lemma endpoint_nonlinear_term:
  assumes p: "p \<in> {a, b}" and t: "t \<in> {0..\<delta>}" and x: "x \<in> {a..b}"
  shows "\<bar>f t x ^ (m - 1) * D 1 t x\<bar>
    \<le> Ct_bound ^ m * (b - a) powr (2 - \<alpha>) * \<bar>x - p\<bar> powr \<alpha> * \<bar>x - p\<bar> ^ 3"
proof -
  have pI: "p \<in> {a..b}" using p sol_params(1) by auto
  have bound0: "0 \<le> Ct_bound" using Ct_bound_ge_1 by linarith
  have m: "m - 1 = Suc (m - 2)" "m = Suc (Suc (m - 2))" using sol_params(5) by simp_all
  have "\<bar>f t x ^ (m - 1) * D 1 t x\<bar> = \<bar>f t x\<bar> ^ (m - 2) * \<bar>f t x\<bar> * \<bar>D 1 t x\<bar>"
    unfolding m(1) by (simp add: abs_mult power_abs mult_ac)
  also have "\<dots> \<le> Ct_bound ^ (m - 2) * (Ct_bound * \<bar>x - p\<bar> ^ 3) * (Ct_bound * \<bar>x - p\<bar>\<^sup>2)"
    using abs_D_le_Ct_bound[OF t _ x, of 0] endpoint_growth(2,3)[OF p t x] bound0
    by (intro mult_mono power_mono) simp_all
  also have "\<dots> = Ct_bound ^ m * \<bar>x - p\<bar> ^ 3 * \<bar>x - p\<bar>\<^sup>2"
    by (subst (1 2) m(2)) (simp add: mult_ac)
  also have "\<dots> \<le> Ct_bound ^ m * \<bar>x - p\<bar> ^ 3 * ((b - a) powr (2 - \<alpha>) * \<bar>x - p\<bar> powr \<alpha>)"
    using x pI sol_params(3) bound0 by (intro mult_left_mono power2_le_powr_mult_powr) auto
  finally show ?thesis by (simp add: mult_ac)
qed

lemma endpoint_product_expansions:
  assumes p: "p \<in> {a, b}" and t: "t \<in> {0..\<delta>}" and x: "x \<in> {a..b}"
  defines "H \<equiv> D 3 t p" and "y \<equiv> x - p" and "r \<equiv> \<bar>x - p\<bar> powr \<alpha>"
  shows "\<bar>f t x * D 3 t x - (H * y ^ 3 / 6) * H\<bar> \<le> 2 * Ct_bound\<^sup>2 * r * \<bar>y\<bar> ^ 3"
    and "\<bar>D 1 t x * D 2 t x - (H * y\<^sup>2 / 2) * (H * y)\<bar> \<le> 2 * Ct_bound\<^sup>2 * r * \<bar>y\<bar> ^ 3"
proof -
  have pI: "p \<in> {a..b}" using p sol_params(1) by auto
  have r0: "0 \<le> r" by (simp add: r_def)
  have bound0: "0 \<le> Ct_bound" using Ct_bound_ge_1 by linarith
  have e3: "\<bar>D 3 t x - H\<bar> \<le> Ct_bound * r" and e2: "\<bar>D 2 t x - H * y\<bar> \<le> Ct_bound * r * \<bar>y\<bar>"
    and e1: "\<bar>D 1 t x - H * y\<^sup>2 / 2\<bar> \<le> Ct_bound * r * \<bar>y\<bar>\<^sup>2"
    and e0: "\<bar>f t x - H * y ^ 3 / 6\<bar> \<le> Ct_bound * r * \<bar>y\<bar> ^ 3"
    using endpoint_expansion[OF p t x Linf_C_norm_le_Ct_bound] unfolding y_def r_def H_def by simp_all
  have g2: "\<bar>D 2 t x\<bar> \<le> Ct_bound * \<bar>y\<bar>"
    using endpoint_growth(1)[OF p t x] unfolding y_def .
  have "\<bar>H\<bar> \<le> Ct_bound" and d3: "\<bar>D 3 t x\<bar> \<le> Ct_bound"
    using abs_D_le_Ct_bound[OF t _ pI] abs_D_le_Ct_bound[OF t _ x] by (simp_all add: H_def)
  then have Hy: "\<bar>H\<bar> * \<bar>y\<bar> ^ k \<le> Ct_bound * \<bar>y\<bar> ^ k" "0 \<le> \<bar>H\<bar> * \<bar>y\<bar> ^ k" for k
    by (simp_all add: mult_right_mono)
  have "\<bar>H * y\<^sup>2 / 2\<bar> = \<bar>H\<bar> * \<bar>y\<bar>\<^sup>2 / 2" "\<bar>H * y ^ 3 / 6\<bar> = \<bar>H\<bar> * \<bar>y\<bar> ^ 3 / 6"
    by (simp_all add: abs_mult power_abs)
  with Hy[of 2] Hy[of 3] have H2: "\<bar>H * y\<^sup>2 / 2\<bar> \<le> Ct_bound * \<bar>y\<bar>\<^sup>2"
    and H3: "\<bar>H * y ^ 3 / 6\<bar> \<le> Ct_bound * \<bar>y\<bar> ^ 3"
    by linarith+
  have "\<bar>f t x * D 3 t x - (H * y ^ 3 / 6) * H\<bar>
      \<le> \<bar>H * y ^ 3 / 6\<bar> * \<bar>D 3 t x - H\<bar> + \<bar>f t x - H * y ^ 3 / 6\<bar> * \<bar>D 3 t x\<bar>"
    by (rule abs_mult_diff_le)
  also have "\<dots> \<le> (Ct_bound * \<bar>y\<bar> ^ 3) * (Ct_bound * r) + (Ct_bound * r * \<bar>y\<bar> ^ 3) * Ct_bound"
    by (intro add_mono mult_mono H3 e3 e0 d3) (simp_all add: r0 bound0)
  finally show "\<bar>f t x * D 3 t x - (H * y ^ 3 / 6) * H\<bar> \<le> 2 * Ct_bound\<^sup>2 * r * \<bar>y\<bar> ^ 3"
    by (simp add: power2_eq_square algebra_simps)
  have "\<bar>D 1 t x * D 2 t x - (H * y\<^sup>2 / 2) * (H * y)\<bar>
      \<le> \<bar>H * y\<^sup>2 / 2\<bar> * \<bar>D 2 t x - H * y\<bar> + \<bar>D 1 t x - H * y\<^sup>2 / 2\<bar> * \<bar>D 2 t x\<bar>"
    by (rule abs_mult_diff_le)
  also have "\<dots> \<le> (Ct_bound * \<bar>y\<bar>\<^sup>2) * (Ct_bound * r * \<bar>y\<bar>) + (Ct_bound * r * \<bar>y\<bar>\<^sup>2) * (Ct_bound * \<bar>y\<bar>)"
    by (intro add_mono mult_mono H2 e2 e1 g2) (simp_all add: r0 bound0)
  finally show "\<bar>D 1 t x * D 2 t x - (H * y\<^sup>2 / 2) * (H * y)\<bar> \<le> 2 * Ct_bound\<^sup>2 * r * \<bar>y\<bar> ^ 3"
    by (simp add: power2_eq_square power3_eq_cube algebra_simps)
qed

lemma pde_rhs_expansion:
  assumes p: "p \<in> {a, b}"
  shows "\<exists>K. \<forall>t\<in>{0..\<delta>}. \<forall>x\<in>{a..b}. \<bar>pde_rhs t x + (1 + 3 * \<alpha>1) * (D 3 t p)\<^sup>2 * (x - p) ^ 3 / 6\<bar>
    \<le> K * \<bar>x - p\<bar> powr \<alpha> * \<bar>x - p\<bar> ^ 3"
proof (intro exI ballI)
  fix t x assume t: "t \<in> {0..\<delta>}" and x: "x \<in> {a..b}"
  define y where "y = x - p"
  define r where "r = \<bar>x - p\<bar> powr \<alpha>"
  define H where "H = D 3 t p"
  note P12 = endpoint_product_expansions[OF p t x, folded H_def y_def r_def]
  note P3 = endpoint_nonlinear_term[OF p t x, folded y_def r_def]
  have "pde_rhs t x + (1 + 3 * \<alpha>1) * H\<^sup>2 * y ^ 3 / 6
      = - (f t x * D 3 t x - (H * y ^ 3 / 6) * H)
        - \<alpha>1 * (D 1 t x * D 2 t x - (H * y\<^sup>2 / 2) * (H * y)) - \<mu>1 * (f t x ^ (m - 1) * D 1 t x)"
    unfolding pde_rhs_def by (simp add: power2_eq_square power3_eq_cube algebra_simps)
  then have "\<bar>pde_rhs t x + (1 + 3 * \<alpha>1) * H\<^sup>2 * y ^ 3 / 6\<bar>
      \<le> \<bar>f t x * D 3 t x - (H * y ^ 3 / 6) * H\<bar>
        + \<bar>\<alpha>1\<bar> * \<bar>D 1 t x * D 2 t x - (H * y\<^sup>2 / 2) * (H * y)\<bar> + \<bar>\<mu>1\<bar> * \<bar>f t x ^ (m - 1) * D 1 t x\<bar>"
    by (simp add: abs_mult[symmetric])
  also have "\<dots> \<le> 2 * Ct_bound\<^sup>2 * r * \<bar>y\<bar> ^ 3 + \<bar>\<alpha>1\<bar> * (2 * Ct_bound\<^sup>2 * r * \<bar>y\<bar> ^ 3)
      + \<bar>\<mu>1\<bar> * (Ct_bound ^ m * (b - a) powr (2 - \<alpha>) * r * \<bar>y\<bar> ^ 3)"
    by (intro add_mono mult_left_mono P12 P3 abs_ge_zero)
  finally show "\<bar>pde_rhs t x + (1 + 3 * \<alpha>1) * (D 3 t p)\<^sup>2 * (x - p) ^ 3 / 6\<bar>
      \<le> (2 * Ct_bound\<^sup>2 + \<bar>\<alpha>1\<bar> * (2 * Ct_bound\<^sup>2) + \<bar>\<mu>1\<bar> * (Ct_bound ^ m * (b - a) powr (2 - \<alpha>)))
        * \<bar>x - p\<bar> powr \<alpha> * \<bar>x - p\<bar> ^ 3"
    unfolding y_def r_def H_def by (simp add: algebra_simps)
qed

lemma endpoint_difference_quotients:
  assumes p: "p \<in> {a, b}"
  shows "\<exists>K. \<forall>s\<in>{0..\<delta>}. \<forall>x\<in>{a..b}. x \<noteq> p \<longrightarrow>
    \<bar>6 * f s x / (x - p) ^ 3 - D 3 s p\<bar> \<le> K * \<bar>x - p\<bar> powr \<alpha> \<and>
    \<bar>6 * pde_rhs s x / (x - p) ^ 3 - - (1 + 3 * \<alpha>1) * (D 3 s p)\<^sup>2\<bar> \<le> K * \<bar>x - p\<bar> powr \<alpha>"
proof -
  obtain K where K: "\<forall>s\<in>{0..\<delta>}. \<forall>x\<in>{a..b}. \<bar>pde_rhs s x + (1 + 3 * \<alpha>1) * (D 3 s p)\<^sup>2 * (x - p) ^ 3 / 6\<bar>
      \<le> K * \<bar>x - p\<bar> powr \<alpha> * \<bar>x - p\<bar> ^ 3"
    using pde_rhs_expansion[OF p] by blast
  have "\<bar>6 * f s x / (x - p) ^ 3 - D 3 s p\<bar> \<le> 6 * (\<bar>K\<bar> + L) * \<bar>x - p\<bar> powr \<alpha>
    \<and> \<bar>6 * pde_rhs s x / (x - p) ^ 3 - - (1 + 3 * \<alpha>1) * (D 3 s p)\<^sup>2\<bar> \<le> 6 * (\<bar>K\<bar> + L) * \<bar>x - p\<bar> powr \<alpha>"
    if s: "s \<in> {0..\<delta>}" and x: "x \<in> {a..b}" and xp: "x \<noteq> p" for s x
  proof
    have Y: "(x - p) ^ 3 \<noteq> 0" "\<bar>(x - p) ^ 3\<bar> = \<bar>x - p\<bar> ^ 3" using xp by (simp_all add: power_abs)
    have "\<bar>6 * f s x / (x - p) ^ 3 - D 3 s p\<bar> \<le> 6 * (L * \<bar>x - p\<bar> powr \<alpha>)"
      using endpoint_expansion(4)[OF p s x order_refl] Y by (intro abs_quotient_diff_le) (simp_all add: mult_ac)
    also have "\<dots> = 6 * L * \<bar>x - p\<bar> powr \<alpha>" by (simp only: mult.assoc)
    also have "\<dots> \<le> 6 * (\<bar>K\<bar> + L) * \<bar>x - p\<bar> powr \<alpha>" by (intro mult_right_mono) auto
    finally show "\<bar>6 * f s x / (x - p) ^ 3 - D 3 s p\<bar> \<le> 6 * (\<bar>K\<bar> + L) * \<bar>x - p\<bar> powr \<alpha>" .
    have "pde_rhs s x - (- (1 + 3 * \<alpha>1) * (D 3 s p)\<^sup>2) * (x - p) ^ 3 / 6
        = pde_rhs s x + (1 + 3 * \<alpha>1) * (D 3 s p)\<^sup>2 * (x - p) ^ 3 / 6"
      by (simp add: field_simps)
    then have "\<bar>pde_rhs s x - (- (1 + 3 * \<alpha>1) * (D 3 s p)\<^sup>2) * (x - p) ^ 3 / 6\<bar>
        \<le> K * \<bar>x - p\<bar> powr \<alpha> * \<bar>(x - p) ^ 3\<bar>"
      using bspec[OF bspec[OF K s] x] by (simp add: power_abs)
    then have "\<bar>6 * pde_rhs s x / (x - p) ^ 3 - - (1 + 3 * \<alpha>1) * (D 3 s p)\<^sup>2\<bar> \<le> 6 * (K * \<bar>x - p\<bar> powr \<alpha>)"
      by (rule abs_quotient_diff_le[OF Y(1)])
    also have "\<dots> = 6 * K * \<bar>x - p\<bar> powr \<alpha>" by (simp only: mult.assoc)
    also have "\<dots> \<le> 6 * (\<bar>K\<bar> + L) * \<bar>x - p\<bar> powr \<alpha>"
      using Linf_C_norm_nonneg by (intro mult_right_mono) auto
    finally show "\<bar>6 * pde_rhs s x / (x - p) ^ 3 - - (1 + 3 * \<alpha>1) * (D 3 s p)\<^sup>2\<bar>
        \<le> 6 * (\<bar>K\<bar> + L) * \<bar>x - p\<bar> powr \<alpha>" .
  qed
  then show ?thesis by blast
qed

lemma D3_endpoint_riccati:
  assumes p: "p \<in> {a, b}" and t: "t \<in> {0..\<delta>}"
  shows "((\<lambda>s. D 3 s p) has_real_derivative - (1 + 3 * \<alpha>1) * (D 3 t p)\<^sup>2) (at t within {0..\<delta>})"
proof -
  obtain K where K: "\<forall>s\<in>{0..\<delta>}. \<forall>x\<in>{a..b}. x \<noteq> p \<longrightarrow>
      \<bar>6 * f s x / (x - p) ^ 3 - D 3 s p\<bar> \<le> K * \<bar>x - p\<bar> powr \<alpha> \<and>
      \<bar>6 * pde_rhs s x / (x - p) ^ 3 - - (1 + 3 * \<alpha>1) * (D 3 s p)\<^sup>2\<bar> \<le> K * \<bar>x - p\<bar> powr \<alpha>"
    using endpoint_difference_quotients[OF p] by blast
  obtain x where x: "\<And>n. x n \<in> {a..b}" and dist: "\<And>n. \<bar>x n - p\<bar> = (b - a) / Suc n"
    using endpoint_approximation[OF sol_params(1) p] by blast
  have xp: "x n \<noteq> p" for n using dist[of n] sol_params(1) by auto
  show ?thesis
  proof (rule has_real_derivative_uniform_limit[where q="\<lambda>n s. 6 * f s (x n) / (x n - p) ^ 3"
        and q'="\<lambda>n s. 6 * pde_rhs s (x n) / (x n - p) ^ 3" and \<rho>="\<lambda>n. K * \<bar>x n - p\<bar> powr \<alpha>"])
    fix n s assume s: "s \<in> {0..\<delta>}"
    show "((\<lambda>s. 6 * f s (x n) / (x n - p) ^ 3) has_real_derivative 6 * pde_rhs s (x n) / (x n - p) ^ 3)
        (at s within {0..\<delta>})"
      by (intro DERIV_cdivide DERIV_cmult time_deriv s x)
    show "\<bar>6 * f s (x n) / (x n - p) ^ 3 - D 3 s p\<bar> \<le> K * \<bar>x n - p\<bar> powr \<alpha>"
      and "\<bar>6 * pde_rhs s (x n) / (x n - p) ^ 3 - - (1 + 3 * \<alpha>1) * (D 3 s p)\<^sup>2\<bar> \<le> K * \<bar>x n - p\<bar> powr \<alpha>"
      using K s x xp by blast+
  next
    have "(\<lambda>n. (b - a) / Suc n) \<longlonglongrightarrow> 0" by (rule LIMSEQ_Suc[OF lim_const_over_n])
    then have "(\<lambda>n. \<bar>x n - p\<bar> powr \<alpha>) \<longlonglongrightarrow> 0"
      unfolding dist by (rule tendsto_zero_powrI[OF _ tendsto_const]) (use sol_params(1,2) in auto)
    then show "(\<lambda>n. K * \<bar>x n - p\<bar> powr \<alpha>) \<longlonglongrightarrow> 0"
      using tendsto_mult_right_zero by blast
  qed (use t in simp_all)
qed

end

+ + + + +

» **TASK PROMPT**:
Provide only the count of lines in the data above that include the string "unfolding".

» **COMPLETED TASK**:
6